Ривай склоняется ко второму варианту. Он и сам чувствует себя гораздо лучше, чем до появления мальчишки. Продолжает разглядывать его, глазами скользит по точёной гладкой челюсти, спускается ниже на шею, с облегчением замечая, что на загорелой коже не осталось никаких следов. Он снова весь идеальный с головы до пят, и желание утащить его подальше от чужих взглядов становится всё ощутимее.
— Вообще-то, меня больше интересует оборудование, которое стоит в ваших лабораториях. Я бы убила за такое.
— Хочешь с ним поиграться? — Эрен подмигивает Ханджи, отправляя в рот остатки пирожного. — Могу после праздников провести тебе личную экскурсию.
— Звучит как отличная идея, при условии, что после отпуска я буду в состоянии. Моблит обещает протащить меня по всем Альпам, я уже чувствую, как окочурюсь там.
Они продолжают болтать, обмениваясь новостями и сплетнями. Риваю не хочется принимать участие в этой беседе, куда больше ему нравится смотреть на Эрена и изредка ловить его ответные взгляды. Недавняя вспышка прошла бесследно, они оба успокоились и теперь просто терпят до момента, когда вся эта вакханалия закончится и можно будет, не привлекая внимания, убраться подальше.
— Ты специально так оделась, чтобы всякие пафосные оружейные бароны с тебя глаз не сводили? — Эрен хмыкает, выцепив среди гостей светловолосую уложенную макушку Смита.
— Напротив, знала бы, что он здесь будет, вырядилась бы в лучший мешок из-под картошки, — Ханджи демонстративно закатывает глаза, хотя и она, и Ривай прекрасно понимают, что это откровенная брехня. Ради Смита эта сумасшедшая и не такое вытворяла в своё время.
— Слушай, а это правда, что у Ирвина и ландшафтный дизайнер есть?
— О чём ты?
— Ну как, эти сады Семирамиды над глазами надо же в божеский вид приводить.
Ханджи давится шампанским, Эрен довольно лыбится, а Ривай просто жалеет, что ему хватило или, наоборот, не хватило мозгов познакомить этих двоих. Везёт же ему по жизни собирать вокруг себя самых долбанутых представителей вида Человек разумный.
Музыка снова меняется. Первые прозвучавшие аккорды заставляют Ханджи вздрогнуть, и она, восторженно моргая, хватает Эрена за руку.
— Пойдём танцевать!
— Не-а, я на это дерьмо не подпишусь, — Эрен с паникой во взгляде смотрит на Ривая, но тот лишь криво улыбается, не собираясь спасать его.

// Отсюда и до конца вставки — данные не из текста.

lemma card_OmegaE_le_card_mult_Qpack:
  assumes "p \<ge> 1" "finite D" "D \<subseteq> reach_centers p q" "covered eps p D"
  shows "p \<le> card D * Qpack eps p q"
proof -
  have "OmegaE p \<subseteq> (\<Union>d\<in>D. OmegaE p \<inter> tball d eps)"
    using assms(4) unfolding covered_def Vnbhd_def by blast
  then have "p \<le> card (\<Union>d\<in>D. OmegaE p \<inter> tball d eps)"
    using card_OmegaE[OF assms(1)] card_mono[OF finite_UN_I[OF assms(2)]] finite_OmegaE
    by (metis finite_Int)
  also have "\<dots> \<le> (\<Sum>d\<in>D. card (OmegaE p \<inter> tball d eps))"
    by (rule card_UN_le[OF assms(2)])
  also have "\<dots> \<le> (\<Sum>d\<in>D. Qpack eps p q)"
    using assms(3) by (intro sum_mono card_OmegaE_inter_tball_le_Qpack) blast
  finally show ?thesis by simp
qed

lemma Least_covering_round_mem:
  assumes "valid_strategy p q h c" "covered eps p (dataset p h c n)"
  shows "(LEAST m. covered eps p (dataset p h c m)) \<in> {n. \<exists>h c. valid_strategy p q h c \<and>
           covered eps p (dataset p h c n) \<and> (\<forall>m<n. \<not> covered eps p (dataset p h c m))}"
  using assms LeastI[of "\<lambda>m. covered eps p (dataset p h c m)"] not_less_Least by blast

lemma N_orbit_single_le:
  assumes "valid_strategy p q h c" "covered eps p (dataset p h c n)"
  shows "N_orbit_single eps p q \<le> n"
proof -
  have "N_orbit_single eps p q \<le> (LEAST m. covered eps p (dataset p h c m))"
    unfolding N_orbit_single_def using Least_covering_round_mem[OF assms] by (rule cInf_lower) simp
  also have "\<dots> \<le> n"
    using assms(2) by (rule Least_le)
  finally show ?thesis .
qed

text \<open>The infimum of the empty set of naturals is 0, so a covering strategy has to be
  exhibited before the infimum in N_orbit_single is known to be attained.\<close>
lemma N_orbit_single_attained:
  assumes "valid_strategy p q h c" "covered eps p (dataset p h c n)"
  obtains h' c' where "valid_strategy p q h' c'"
    "covered eps p (dataset p h' c' (N_orbit_single eps p q))"
proof -
  have "N_orbit_single eps p q \<in> {n. \<exists>h c. valid_strategy p q h c \<and>
      covered eps p (dataset p h c n) \<and> (\<forall>m<n. \<not> covered eps p (dataset p h c m))}"
    unfolding N_orbit_single_def using Least_covering_round_mem[OF assms] by (intro Inf_nat_def1) blast
  then show ?thesis using that by blast
qed
(* Consider the FDMA/TDMA scheme at the serving AP of a typical UE, where the typical UE is the first UE in the ordering and is assigned SC 1, and $K_0\ge 0$ other UEs follow it in the ordering. For $l\ge 0$ let $\mathcal{A}_l$ be the event that exactly $l$ of the other $K_0$ UEs are assigned SC 1 (so the delay is $L=l$). Then $$\Pr\{\mathcal{A}_0\mid K_0\}=\begin{cases}1,& 0\le K_0\le N-1,\\ \frac{2N-K_0-1}{N},& N\le K_0\le 2N-2,\\ 0,& K_0\ge 2N-1,\end{cases}$$ and for $l\ge 1$ $$\Pr\{\mathcal{A}_l\mid K_0\}=\begin{cases}0,& 0\le K_0\le lN-1,\\ \frac{K_0-lN+1}{N},& lN\le K_0\le (l+1)N-1,\\ \frac{(l+2)N-K_0-1}{N},& (l+1)N\le K_0\le (l+2)N-2,\\ 0,& K_0\ge (l+2)N-1.\end{cases}$$ Consequently, if $K_0$ is random with PMF $$\Pr\{K_0=k\}=\frac{3.5^{4.5}\,\Gamma(k+4.5)\,\tau^{4.5}}{\Gamma(4.5)\,k!\,(1+3.5\tau)^{k+4.5}},\quad k\ge 0,$$ and independent of the scheduling randomness, then $\Pr\{L=l\}=\sum_{k\ge 0}\Pr\{K_0=k\}\Pr\{\mathcal{A}_l\mid K_0=k\}$.
   Context: There are $N\ge1$ subchannels (SCs). FDMA/TDMA scheme: the UEs of an AP are arranged in an order and split into consecutive blocks of $N$ UEs (the last block possibly smaller); within each block the UEs, in order, are assigned SCs sequentially uniformly at random without replacement from $\{1,\dots,N\}$, the available set being reset to $\{1,\dots,N\}$ at the start of each block; assignments are independent across blocks. UEs sharing an SC are time-multiplexed on it. Here the serving AP has $K_0+1$ UEs in total: the typical UE first (assigned SC 1), followed by $K_0$ other UEs in random order. The delay $L$ of the typical UE is the number of other UEs sharing its SC. *)

theory Defs
  imports "HOL-Probability.Probability"
begin

fun draw_seq :: "nat set \<Rightarrow> nat \<Rightarrow> nat list pmf" where
  "draw_seq A 0 = return_pmf []"
| "draw_seq A (Suc m) =
     bind_pmf (pmf_of_set A) (\<lambda>x.
     bind_pmf (draw_seq (A - {x}) m) (\<lambda>xs. return_pmf (x # xs)))"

— Какое дерьмо? Это Hurts! — тягаться с Ханджи — всё равно, что с бульдозером. Эрен ещё пытается ей что-то возразить, но она активно тащит его прямо в центр импровизированного танцпола, где уже покачиваются другие парочки.
— Ненавижу этих англичашек, — Эрен бурчит, мысленно проклиная и Хатчкрафта, и все его ужасно грустные и ужасно попсовые песенки. Но, несмотря на своё недовольство, Йегер всё равно аккуратно обхватывает одной рукой ладонь Ханджи, а вторую кладёт ей на талию. — Только ради тебя, знай это.
— Ты просто золото, — Зоэ кокетливо улыбается.
Эрен ведёт её в танце, немного отличающемся от традиционного вальса. Они двигаются иначе, с другой последовательностью шагов и разворотов. Остатки былой роскоши, далёкое эхо королевской династии, на руинах которой вырос современный город.
— Не мне об этом говорить, ты не глупый и сам всё понимаешь, но… — Ханджи вздыхает и сжимает руку, лежащую на плече Эрена, чуть крепче. — Не поступай так с ним больше, ладно? Он никогда в этом не признается, до последнего будет корчить из себя колючую задницу, но ему без тебя хреново, Эрен.
— Я знаю. Это работает в обе стороны.
Зоэ молча кивает, давая понять, что разговор на этом исчерпан, но Эрен всегда может к ней обратиться за помощью, если понадобится.
Голос солиста становится громче, темп песни постепенно нарастает, и пары начинают кружиться быстрее. Мимо проносится Карла, внезапно в компании Ури Рейсса. В этом нет ничего удивительного, они все давно знакомы и плотно дружат семьями, но события последних месяцев так или иначе оставили свой отпечаток на взаимоотношениях. Карла изначально понимала, что последует за этим приглашением, и следующие слова Ури не становятся для неё неожиданностью.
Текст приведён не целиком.